The cost functional in (11) can be rewritten as

\begin{split}\hat{J}(u)=&\mathbb{E}[\check{X}^{\top}Q\check{X}+\tilde{U}^{\top}R\tilde{U}]+\bar{X}^{\top}Q\bar{X}+\bar{U}^{\top}R\bar{U}\\ &-2\bar{X}^{\top}QM_{r},\end{split}

(15)

where $Q=\text{blkdiag}(Q_{0},Q_{1},\ldots,Q_{N-1},0)$ , $R=\text{blkdiag}(R_{0},R_{1},\ldots,R_{N-1})$ , $M_{r}=[m_{0}^{\top}\ m_{1}^{\top}\ \cdots\ m_{N}^{\top}]^{\top}$ .

From (13), (14), and (15), the covariance steering problem of the estimated state $\hat{x}$ (Problem 2) can thus be divided into the following mean control and covariance control problems. The mean control problem is given by

\begin{split}\min_{\bar{U}}&\ \ \bar{X}^{\top}Q\bar{X}+\bar{U}^{\top}R\bar{U}-2\bar{X}^{\top}QM_{r}\\ \mathrm{s.t.}&\ \ \bar{X}=A\bar{x}_{0}+B\bar{U}+H,\\ &\ \ E_{0}\bar{X}=\bar{x}_{0},\quad E_{N}\bar{X}=\bar{x}_{N},\end{split}

(16)

where $E_{k}$ is a matrix defined such that $E_{k}\bar{X}=\bar{x}_{k}$ . The covariance control problem is given by

\begin{split}\min_{\tilde{U}}&\ \ \mathbb{E}[\check{X}^{\top}Q\check{X}+\tilde{U}^{\top}R\tilde{U}]\\ \mathrm{s.t.}&\ \ \check{X}=A\check{x}_{0^{\mbox{\scriptsize{-}}}}+B\tilde{U}+L\Xi,\\ &\ \ \mathbb{E}[\check{x}_{0^{\mbox{\scriptsize{-}}}}\check{x}_{0^{\mbox{\scriptsize{-}}}}^{\top}]=\hat{P}_{0^{\mbox{\scriptsize{-}}}},\ \ E_{N}\mathbb{E}[\check{X}\check{X}^{\top}]E_{N}^{\top}=\hat{P}_{N},\end{split}

(17)

where $\hat{P}_{0^{\mbox{\scriptsize{-}}}}=P_{0}-\tilde{P}_{0^{\mbox{\scriptsize{-}}}}$ , $\hat{P}_{N}=P_{N}-\tilde{P}_{N}\preceq P_{f}-\tilde{P}_{N}$ .

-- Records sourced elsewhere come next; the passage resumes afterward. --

(* Let $h\in(0,1]$ and constants $c,c_2$ with $h^2c>c_2>0$, and let $C=\frac{h^2c-c_2}{2(1+h^2c)(1+c_2)}$. Let $m\ge1$ and $\lambda>0$ with $0<\frac{\lambda}{m}<C$. Let $X_1,\dots,X_m$ be independent Bernoulli ($\{0,1\}$-valued) random variables, let $\epsilon_1,\dots,\epsilon_m$ be i.i.d. Rademacher random variables independent of $(X_i)$, and set $\epsilon_i''=\epsilon_i\frac{c+c_2}{2}-\frac{c-c_2}{2}$. Then for any random variables $Y_1,\dots,Y_m$ taking values in $[0,1]$ (defined on the same probability space, with arbitrary dependence on $(X_i)$ and $(\epsilon_i)$), $$\mathbb E\Big[\exp\Big(\frac{\lambda}{m}\sum_{i=1}^m X_i\big[(\epsilon_i+\epsilon_i'')-\epsilon_i''(1-h^2)Y_i\big]\Big)\Big]\le1.$$
   Context: A Rademacher random variable takes values $+1$ and $-1$ each with probability $1/2$. *)

theory Defs
  imports "HOL-Probability.Probability"
begin

definition bernoulli_rv :: "'a measure \<Rightarrow> ('a \<Rightarrow> real) \<Rightarrow> bool" where
  "bernoulli_rv M Z \<longleftrightarrow> Z \<in> borel_measurable M \<and> (\<forall>x\<in>space M. Z x \<in> {0, 1})"

definition rademacher_rv :: "'a measure \<Rightarrow> ('a \<Rightarrow> real) \<Rightarrow> bool" where
  "rademacher_rv M Z \<longleftrightarrow> Z \<in> borel_measurable M \<and> (\<forall>x\<in>space M. Z x \<in> {-1, 1})
     \<and> measure M {x \<in> space M. Z x = 1} = 1/2"

end

theory Submission
  imports Defs
begin

text \<open>Write \<open>t = \<lambda>/m\<close>, \<open>a = 1 + c\<^sub>2\<close> and \<open>b = 1 + h\<^sup>2c\<close>. Where \<open>X\<^sub>i = 1\<close>, the \<open>i\<close>-th summand
  is at most \<open>a\<close> if \<open>\<epsilon>\<^sub>i = 1\<close> and at most \<open>-b\<close> if \<open>\<epsilon>\<^sub>i = -1\<close>, whatever \<open>Y\<^sub>i\<close> is. Hence the exponential
  is dominated by \<open>\<Prod>\<^sub>i (1 + X\<^sub>i W\<^sub>i)\<close> with \<open>W\<^sub>i = exp (t a) - 1\<close> or \<open>exp (-t b) - 1\<close>, which no longer
  involves \<open>Y\<close>. By independence its expectation is \<open>\<Prod>\<^sub>i (1 + E X\<^sub>i \<cdot> E W\<^sub>i)\<close>, and
  \<open>E W\<^sub>i = (exp (t a) + exp (-t b))/2 - 1 \<le> 0\<close>; this is where \<open>t < C = (b - a)/(2ab)\<close> enters.\<close>

lemma (in prob_space) has_bochner_integral_const_prob: "has_bochner_integral M (\<lambda>_. c) (c::real)"
  by (simp add: has_bochner_integral_iff prob_space)

lemma (in prob_space) has_bochner_integral_bernoulli:
  assumes "bernoulli_rv M X"
  shows "has_bochner_integral M X (prob {\<omega> \<in> space M. X \<omega> = 1})"
proof -
  let ?S = "{\<omega> \<in> space M. X \<omega> = 1}"
  have [measurable]: "X \<in> borel_measurable M" and X01: "\<And>\<omega>. \<omega> \<in> space M \<Longrightarrow> X \<omega> \<in> {0, 1}"
    using assms by (auto simp: bernoulli_rv_def)
  have "has_bochner_integral M (indicator ?S) (prob ?S)"
    by (intro has_bochner_integral_real_indicator) (auto simp: less_top[symmetric])
  moreover have "\<And>\<omega>. \<omega> \<in> space M \<Longrightarrow> indicator ?S \<omega> = X \<omega>"
    using X01 by (auto simp: indicator_def)
  ultimately show ?thesis by (simp cong: has_bochner_integral_cong)
qed

lemma (in prob_space) has_bochner_integral_rademacher:
  assumes "rademacher_rv M e"
  shows "has_bochner_integral M (\<lambda>\<omega>. f (e \<omega>)) ((f 1 + f (-1)) / 2 :: real)"
proof -
  let ?S = "{\<omega> \<in> space M. e \<omega> = 1}"
  have [measurable]: "e \<in> borel_measurable M" and e01: "\<And>\<omega>. \<omega> \<in> space M \<Longrightarrow> e \<omega> \<in> {-1, 1}"
    and half: "prob ?S = 1/2"
    using assms by (auto simp: rademacher_rv_def)
  have "has_bochner_integral M (\<lambda>\<omega>. f (-1) + indicator ?S \<omega> * (f 1 - f (-1)))
          (f (-1) + prob ?S * (f 1 - f (-1)))"
    by (intro has_bochner_integral_add has_bochner_integral_const_prob has_bochner_integral_mult_left
          has_bochner_integral_real_indicator) (auto simp: less_top[symmetric])
  moreover have "\<And>\<omega>. \<omega> \<in> space M \<Longrightarrow> f (-1) + indicator ?S \<omega> * (f 1 - f (-1)) = f (e \<omega>)"
    using e01 by (fastforce simp: indicator_def)
  ultimately show ?thesis by (simp add: half field_simps cong: has_bochner_integral_cong)
qed

lemma (in prob_space) has_bochner_integral_prod_one_add_mult:
  fixes X W :: "'i \<Rightarrow> 'a \<Rightarrow> real"
  assumes I: "finite I"
    and indep: "indep_vars (\<lambda>_. borel) (case_sum X W) (I <+> I)"
    and X: "\<And>i. i \<in> I \<Longrightarrow> has_bochner_integral M (X i) (p i)"
    and W: "\<And>i. i \<in> I \<Longrightarrow> has_bochner_integral M (W i) (w i)"
  shows "has_bochner_integral M (\<lambda>\<omega>. \<Prod>i\<in>I. 1 + X i \<omega> * W i \<omega>) (\<Prod>i\<in>I. 1 + p i * w i)"
proof -
  have subset_term: "has_bochner_integral M (\<lambda>\<omega>. \<Prod>i\<in>B. X i \<omega> * W i \<omega>) (\<Prod>i\<in>B. p i * w i)"
    if B: "B \<subseteq> I" for B
  proof -
    have finB: "finite B" using B I by (rule finite_subset)
    then have fin: "finite (B <+> B)" by simp
    have indB: "indep_vars (\<lambda>_. borel) (case_sum X W) (B <+> B)"
      using indep by (rule indep_vars_subset) (use B in auto)
    have int: "integrable M (case_sum X W k)" and int_eq: "expectation (case_sum X W k) = case_sum p w k"
      if "k \<in> B <+> B" for k
      using that B X W by (auto simp: has_bochner_integral_iff)
    have "\<And>\<omega>. (\<Prod>k\<in>B <+> B. case_sum X W k \<omega>) = (\<Prod>i\<in>B. X i \<omega> * W i \<omega>)"
         "(\<Prod>k\<in>B <+> B. case_sum p w k) = (\<Prod>i\<in>B. p i * w i)"
      by (simp_all only: prod.Plus[OF finB finB] prod.distrib comp_def sum.case)
    moreover have "(\<Prod>k\<in>B <+> B. expectation (case_sum X W k)) = (\<Prod>k\<in>B <+> B. case_sum p w k)"
      using int_eq by (rule prod.cong[OF refl])
    ultimately show ?thesis
      using indep_vars_integrable[OF fin indB int] indep_vars_lebesgue_integral[OF fin indB int]
      by (simp add: has_bochner_integral_iff)
  qed
  have "has_bochner_integral M (\<lambda>\<omega>. \<Sum>B\<in>Pow I. \<Prod>i\<in>B. X i \<omega> * W i \<omega>) (\<Sum>B\<in>Pow I. \<Prod>i\<in>B. p i * w i)"
    by (intro has_bochner_integral_sum subset_term) simp
  moreover have "(\<Prod>i\<in>I. 1 + a i) = (\<Sum>B\<in>Pow I. \<Prod>i\<in>B. a i)" for a :: "'i \<Rightarrow> real"
    using prod_add[OF I, of a "\<lambda>_. 1"] by (simp add: add.commute)
  ultimately show ?thesis by simp
qed

lemma (in prob_space) expectation_prod_one_add_bernoulli_mult_le_1:
  fixes X W :: "'i \<Rightarrow> 'a \<Rightarrow> real"
  assumes "finite I" "indep_vars (\<lambda>_. borel) (case_sum X W) (I <+> I)"
    and "\<And>i. i \<in> I \<Longrightarrow> bernoulli_rv M (X i)"
    and "\<And>i. i \<in> I \<Longrightarrow> has_bochner_integral M (W i) w" "-1 \<le> w" "w \<le> 0"
  shows "integrable M (\<lambda>\<omega>. \<Prod>i\<in>I. 1 + X i \<omega> * W i \<omega>)"
    and "expectation (\<lambda>\<omega>. \<Prod>i\<in>I. 1 + X i \<omega> * W i \<omega>) \<le> 1"
proof -
  define p where "p i = prob {\<omega> \<in> space M. X i \<omega> = 1}" for i
  have "has_bochner_integral M (\<lambda>\<omega>. \<Prod>i\<in>I. 1 + X i \<omega> * W i \<omega>) (\<Prod>i\<in>I. 1 + p i * w)"
    using assms(1,2) unfolding p_def
    by (rule has_bochner_integral_prod_one_add_mult) (use assms(3,4) has_bochner_integral_bernoulli in auto)
  moreover have "(\<Prod>i\<in>I. 1 + p i * w) \<le> 1"
  proof (rule prod_le_1)
    fix i
    have "0 \<le> p i" "p i \<le> 1" by (simp_all add: p_def)
    then show "0 \<le> 1 + p i * w \<and> 1 + p i * w \<le> 1"
      using mult_le_one[of "p i" "- w"] mult_nonneg_nonpos[of "p i" w] assms(5,6) by auto
  qed
  ultimately show "integrable M (\<lambda>\<omega>. \<Prod>i\<in>I. 1 + X i \<omega> * W i \<omega>)"
    and "expectation (\<lambda>\<omega>. \<Prod>i\<in>I. 1 + X i \<omega> * W i \<omega>) \<le> 1"
    by (auto simp: has_bochner_integral_iff)
qed

lemma exp_add_exp_neg_le_2:
  fixes s u :: real
  assumes "0 < s" "0 < u" "2 * s * u \<le> u - s"
  shows "exp s + exp (- u) \<le> 2"
proof -
  have su: "s * (1 + u) \<le> u - s * u" using assms by (simp add: algebra_simps)
  moreover have "0 \<le> s * u" using assms by simp
  ultimately have s_le: "s * (1 + u) \<le> u" by linarith
  then have "s < 1" using assms by (smt (verit) mult_less_cancel_right2)
  then have "exp s \<le> 1 + s + s\<^sup>2" using assms exp_bound[of s] by simp
  moreover have "exp (- u) \<le> 1 / (1 + u)"
    using exp_ge_add_one_self[of u] assms by (simp add: exp_minus divide_simps)
  moreover have "(s + s\<^sup>2) * (1 + u) \<le> u"
  proof -
    have "s * (s * (1 + u)) \<le> s * u" using assms s_le mult_left_mono[of "s * (1 + u)" u s] by simp
    with su show ?thesis by (simp add: algebra_simps power2_eq_square)
  qed
  then have "s + s\<^sup>2 \<le> 1 - 1 / (1 + u)" using assms by (simp add: field_simps)
  ultimately show ?thesis by linarith
qed

corollary exp_mult_add_exp_neg_mult_le_2:
  fixes a b t :: real
  assumes "0 < a" "a < b" "0 < t" "t \<le> (b - a) / (2 * a * b)"
  shows "exp (t * a) + exp (- (t * b)) \<le> 2"
proof (rule exp_add_exp_neg_le_2)
  have "t * (2 * a * b) \<le> b - a" using assms by (simp add: pos_le_divide_eq)
  from mult_left_mono[OF this, of t] show "2 * (t * a) * (t * b) \<le> t * b - t * a"
    using assms by (simp add: algebra_simps)
qed (use assms in auto)

lemma exp_summand_le:
  fixes x e y t c c\<^sub>2 h :: real
  assumes "x \<in> {0, 1}" "e \<in> {-1, 1}" "y \<in> {0..1}" "0 \<le> t" "0 \<le> c" "0 \<le> c\<^sub>2" "h\<^sup>2 \<le> 1"
  shows "exp (t * (x * ((e + (e * (c + c\<^sub>2) / 2 - (c - c\<^sub>2) / 2))
                    - (e * (c + c\<^sub>2) / 2 - (c - c\<^sub>2) / 2) * (1 - h\<^sup>2) * y)))
         \<le> 1 + x * (exp (if e = 1 then t * (1 + c\<^sub>2) else - (t * (1 + h\<^sup>2 * c))) - 1)"
proof -
  have "(e + (e * (c + c\<^sub>2) / 2 - (c - c\<^sub>2) / 2)) - (e * (c + c\<^sub>2) / 2 - (c - c\<^sub>2) / 2) * (1 - h\<^sup>2) * y
        \<le> (if e = 1 then 1 + c\<^sub>2 else - (1 + h\<^sup>2 * c))" (is "?T \<le> ?g")
  proof (cases "e = 1")
    case True
    have "0 \<le> c\<^sub>2 * (1 - h\<^sup>2) * y" using assms by simp
    then show ?thesis using True by (simp add: field_simps)
  next
    case False
    then have "e = -1" using assms by simp
    moreover have "c * (1 - h\<^sup>2) * y \<le> c * (1 - h\<^sup>2)"
      using assms by (simp add: mult_left_le)
    ultimately show ?thesis by (simp add: field_simps)
  qed
  from mult_left_mono[OF this \<open>0 \<le> t\<close>]
  have "t * ?T \<le> (if e = 1 then t * (1 + c\<^sub>2) else - (t * (1 + h\<^sup>2 * c)))"
    by (simp only: if_distrib[of "(*) t"] mult_minus_right)
  then show ?thesis using assms by auto
qed

lemma exp_mult_sum_le_prod:
  fixes x e y :: "'i \<Rightarrow> real" and t c c\<^sub>2 h :: real
  assumes "finite I"
    and "\<And>i. i \<in> I \<Longrightarrow> x i \<in> {0, 1}" "\<And>i. i \<in> I \<Longrightarrow> e i \<in> {-1, 1}" "\<And>i. i \<in> I \<Longrightarrow> y i \<in> {0..1}"
    and "0 \<le> t" "0 \<le> c" "0 \<le> c\<^sub>2" "h\<^sup>2 \<le> 1"
  shows "exp (t * (\<Sum>i\<in>I. x i * ((e i + (e i * (c + c\<^sub>2) / 2 - (c - c\<^sub>2) / 2))
                    - (e i * (c + c\<^sub>2) / 2 - (c - c\<^sub>2) / 2) * (1 - h\<^sup>2) * y i)))
         \<le> (\<Prod>i\<in>I. 1 + x i * (exp (if e i = 1 then t * (1 + c\<^sub>2) else - (t * (1 + h\<^sup>2 * c))) - 1))"
  unfolding sum_distrib_left exp_sum[OF assms(1)]
  by (intro prod_mono conjI exp_ge_zero exp_summand_le) (use assms in auto)

lemma (in prob_space) indep_vars_case_sum_comp_right:
  assumes "indep_vars (\<lambda>_. borel) (case_sum X Z) (I <+> I)" and [measurable]: "f \<in> borel_measurable borel"
  shows "indep_vars (\<lambda>_. borel) (case_sum X (\<lambda>i \<omega>. f (Z i \<omega>))) (I <+> I)"
proof -
  have "indep_vars (\<lambda>_. borel) (\<lambda>k \<omega>. case_sum (\<lambda>_ x. x) (\<lambda>_. f) k (case_sum X Z k \<omega>)) (I <+> I)"
    using assms(1) by (rule indep_vars_compose2) (auto split: sum.split)
  moreover have "(\<lambda>k \<omega>. case_sum (\<lambda>_ x. x) (\<lambda>_. f) k (case_sum X Z k \<omega>)) = case_sum X (\<lambda>i \<omega>. f (Z i \<omega>))"
    by (auto simp: fun_eq_iff split: sum.split)
  ultimately show ?thesis by simp
qed

theorem mainTheorem7:
  fixes M :: "'a measure"
    and h c c\<^sub>2 C lam :: real
    and m :: nat
    and X eps Y :: "nat \<Rightarrow> 'a \<Rightarrow> real"
  assumes "prob_space M"
    and "0 < h" "h \<le> 1"
    and "h\<^sup>2 * c > c\<^sub>2" "c\<^sub>2 > 0"
    and "C = (h\<^sup>2 * c - c\<^sub>2) / (2 * (1 + h\<^sup>2 * c) * (1 + c\<^sub>2))"
    and "m \<ge> 1" "lam > 0" "lam / real m < C"
    and "\<And>i. i \<in> {1..m} \<Longrightarrow> bernoulli_rv M (X i)"
    and "\<And>i. i \<in> {1..m} \<Longrightarrow> rademacher_rv M (eps i)"
    and "prob_space.indep_vars M (\<lambda>_. borel)
           (\<lambda>k. case k of Inl i \<Rightarrow> X i | Inr i \<Rightarrow> eps i) ({1..m} <+> {1..m})"
    and "\<And>i. i \<in> {1..m} \<Longrightarrow> Y i \<in> borel_measurable M"
    and "\<And>i x. i \<in> {1..m} \<Longrightarrow> x \<in> space M \<Longrightarrow> Y i x \<in> {0..1}"
  shows "prob_space.expectation M (\<lambda>x. exp (lam / real m * (\<Sum>i=1..m.
            X i x * ((eps i x + (eps i x * (c + c\<^sub>2) / 2 - (c - c\<^sub>2) / 2))
                     - (eps i x * (c + c\<^sub>2) / 2 - (c - c\<^sub>2) / 2) * (1 - h\<^sup>2) * Y i x)))) \<le> 1"
proof -
  interpret prob_space M by fact
  define t where "t = lam / real m"
  define f where "f e = exp (if e = 1 then t * (1 + c\<^sub>2) else - (t * (1 + h\<^sup>2 * c))) - 1" for e :: real
  have "0 < t" "0 < h\<^sup>2" "h\<^sup>2 \<le> 1" using assms(2,3,7,8) by (auto simp: t_def power_le_one)
  then have "0 < c" using assms(4,5) by (smt (verit) mult_nonneg_nonpos)
  have "t \<le> ((1 + h\<^sup>2 * c) - (1 + c\<^sub>2)) / (2 * (1 + c\<^sub>2) * (1 + h\<^sup>2 * c))"
    using assms(6,9) by (simp add: t_def algebra_simps)
  from exp_mult_add_exp_neg_mult_le_2[OF _ _ \<open>0 < t\<close> this]
  have w: "-1 \<le> (f 1 + f (-1)) / 2" "(f 1 + f (-1)) / 2 \<le> 0"
    using assms(4,5) exp_gt_zero[of "t * (1 + c\<^sub>2)"] exp_gt_zero[of "- (t * (1 + h\<^sup>2 * c))"]
    by (auto simp: f_def)
  have "f \<in> borel_measurable borel" unfolding f_def by measurable
  with assms(12) have "indep_vars (\<lambda>_. borel) (case_sum X (\<lambda>i \<omega>. f (eps i \<omega>))) ({1..m} <+> {1..m})"
    by (rule indep_vars_case_sum_comp_right)
  note prod_le = expectation_prod_one_add_bernoulli_mult_le_1[OF finite_atLeastAtMost this assms(10)
      has_bochner_integral_rademacher[OF assms(11)] w]
  have bound: "exp (lam / real m * (\<Sum>i=1..m.
            X i \<omega> * ((eps i \<omega> + (eps i \<omega> * (c + c\<^sub>2) / 2 - (c - c\<^sub>2) / 2))
                     - (eps i \<omega> * (c + c\<^sub>2) / 2 - (c - c\<^sub>2) / 2) * (1 - h\<^sup>2) * Y i \<omega>)))
        \<le> (\<Prod>i=1..m. 1 + X i \<omega> * f (eps i \<omega>))" if "\<omega> \<in> space M" for \<omega>
    unfolding t_def[symmetric] f_def
  proof (rule exp_mult_sum_le_prod)
    fix i assume "i \<in> {1..m}"
    then show "X i \<omega> \<in> {0, 1}" "eps i \<omega> \<in> {-1, 1}" "Y i \<omega> \<in> {0..1}"
      using assms(10,11,14) that by (auto simp: bernoulli_rv_def rademacher_rv_def)
  qed (use \<open>0 < t\<close> \<open>0 < c\<close> \<open>h\<^sup>2 \<le> 1\<close> assms(5) in auto)
  show ?thesis
    using integral_mono'[OF prod_le(1) bound order_trans[OF exp_ge_zero bound]] prod_le(2) by linarith
qed

end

III-C Solutions of the Mean Control and Covariance Control Problems

Assuming that the system (3) is controllable, the solution for the mean control problem (16) to obtain the mean trajectory $(\bar{x}_{k})_{k=0}^{N}$ and $(\bar{u}_{k})_{k=0}^{N-1}$ is given by [25]

\begin{split}\bar{U}^{*}=&W(-V+\bar{B}_{N}^{\top}(\bar{B}_{N}W\bar{B}_{N}^{\top})^{-1}\\ &(\bar{x}_{N}-\bar{A}_{N}\bar{x}_{0}-H_{N}+\bar{B}_{N}WV)),\end{split}

(18)

where $W=(B^{\top}QB+R)^{-1}$ , and $V=B^{\top}Q(A\bar{x}_{0}+H-M_{r})$ .

The solution to the covariance control problem (17) is given by the controller of the form

\tilde{u}_{k}=\sum_{i=0}^{k}K_{k,i}\check{x}_{i},

(19)

equivalently, by $\tilde{U}=K\check{X}$ , where the control gain matrix $K$ is lower block diagonal of the form

K=\begin{bmatrix}K_{0,0}&0&\cdots&0&0\\ K_{1,0}&K_{1,1}&\cdots&0&0\\ \vdots&\vdots&\ddots&\vdots&0\\ K_{N-1,0}&K_{N-1,1}&\cdots&K_{N-1,N-1}&0\end{bmatrix},

(20)

and is computed from $K=F(I+BF)^{-1}$ where $F$ is obtained by solving the following convex optimization problem [27]

\displaystyle\min_{F}\ \mathrm{trace}[((I+BF)^{\top}Q(I+BF)+F^{\top}RF)P_{Z}],

(21)

subject to

\lVert P_{Z}^{1/2}(I+BF)^{\top}E_{N}^{\top}(P_{f}-\tilde{P}_{N})^{-1/2}\rVert-1\leq 0,

(22)

where $P_{Z}=A\hat{P}_{0^{\mbox{\scriptsize{-}}}}A^{\top}+LP_{\Xi}L^{\top}$ is the covariance of $Z\triangleq A\check{x}_{0^{\mbox{\scriptsize{-}}}}+L\Xi$ and $P_{\Xi}=\text{blkdiag}(P_{\xi_{0}},\cdots,P_{\xi_{N}})$ is the covariance of the innovation process.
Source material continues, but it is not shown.